**To do**
Since the entries below must stay intact, return each one exactly.

**Information provided**
definition feasible :: "nat \<Rightarrow> nat \<Rightarrow> (nat \<Rightarrow> nat) \<Rightarrow> (nat \<Rightarrow> nat) \<Rightarrow> (nat \<Rightarrow> nat) \<Rightarrow> bool" where
  "feasible T tau d od r \<longleftrightarrow>
     (\<forall>t. r t \<noteq> 0 \<longrightarrow> 1 \<le> t \<and> t \<le> T) \<and>
     (\<forall>t\<in>{1..T}. d t \<le> od t + (\<Sum>i\<in>win tau t. r i))"

definition cost :: "real \<Rightarrow> real \<Rightarrow> nat \<Rightarrow> (nat \<Rightarrow> nat) \<Rightarrow> (nat \<Rightarrow> nat) \<Rightarrow> (nat \<Rightarrow> nat) \<Rightarrow> real" where
  "cost p \<alpha> T d od r = (\<Sum>t=1..T. real (od t) * p + real (r t) + \<alpha> * p * (real (d t) - real (od t)))"

(* The while loop at time t increases all x_i with
   t - tau + 1 <= i <= t + tau - 1 by one per iteration (real + phantom
   reservation), and stops as soon as p * |{i in window : d_i > x_i}| <= z.
   Hence the number of iterations is the least k with
   p * |{i in window : d_i > x_i + k}| <= z. *)
definition loop_count :: "real \<Rightarrow> real \<Rightarrow> nat \<Rightarrow> (nat \<Rightarrow> nat) \<Rightarrow> (nat \<Rightarrow> nat) \<Rightarrow> nat \<Rightarrow> nat" where
  "loop_count p z tau d x t =
     (LEAST k::nat. p * real (card {i\<in>win tau t. x i + k < d i}) \<le> z)"

definition bump :: "nat \<Rightarrow> (nat \<Rightarrow> nat) \<Rightarrow> nat \<Rightarrow> nat \<Rightarrow> (nat \<Rightarrow> nat)" where
  "bump tau x t k = (\<lambda>i. if t < i + tau \<and> i < t + tau then x i + k else x i)"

**Task solution**
definition feasible :: "nat \<Rightarrow> nat \<Rightarrow> (nat \<Rightarrow> nat) \<Rightarrow> (nat \<Rightarrow> nat) \<Rightarrow> (nat \<Rightarrow> nat) \<Rightarrow> bool" where
  "feasible T tau d od r \<longleftrightarrow>
     (\<forall>t. r t \<noteq> 0 \<longrightarrow> 1 \<le> t \<and> t \<le> T) \<and>
     (\<forall>t\<in>{1..T}. d t \<le> od t + (\<Sum>i\<in>win tau t. r i))"

definition cost :: "real \<Rightarrow> real \<Rightarrow> nat \<Rightarrow> (nat \<Rightarrow> nat) \<Rightarrow> (nat \<Rightarrow> nat) \<Rightarrow> (nat \<Rightarrow> nat) \<Rightarrow> real" where
  "cost p \<alpha> T d od r = (\<Sum>t=1..T. real (od t) * p + real (r t) + \<alpha> * p * (real (d t) - real (od t)))"

(* The while loop at time t increases all x_i with
   t - tau + 1 <= i <= t + tau - 1 by one per iteration (real + phantom
   reservation), and stops as soon as p * |{i in window : d_i > x_i}| <= z.
   Hence the number of iterations is the least k with
   p * |{i in window : d_i > x_i + k}| <= z. *)
definition loop_count :: "real \<Rightarrow> real \<Rightarrow> nat \<Rightarrow> (nat \<Rightarrow> nat) \<Rightarrow> (nat \<Rightarrow> nat) \<Rightarrow> nat \<Rightarrow> nat" where
  "loop_count p z tau d x t =
     (LEAST k::nat. p * real (card {i\<in>win tau t. x i + k < d i}) \<le> z)"

definition bump :: "nat \<Rightarrow> (nat \<Rightarrow> nat) \<Rightarrow> nat \<Rightarrow> nat \<Rightarrow> (nat \<Rightarrow> nat)" where
  "bump tau x t k = (\<lambda>i. if t < i + tau \<and> i < t + tau then x i + k else x i)"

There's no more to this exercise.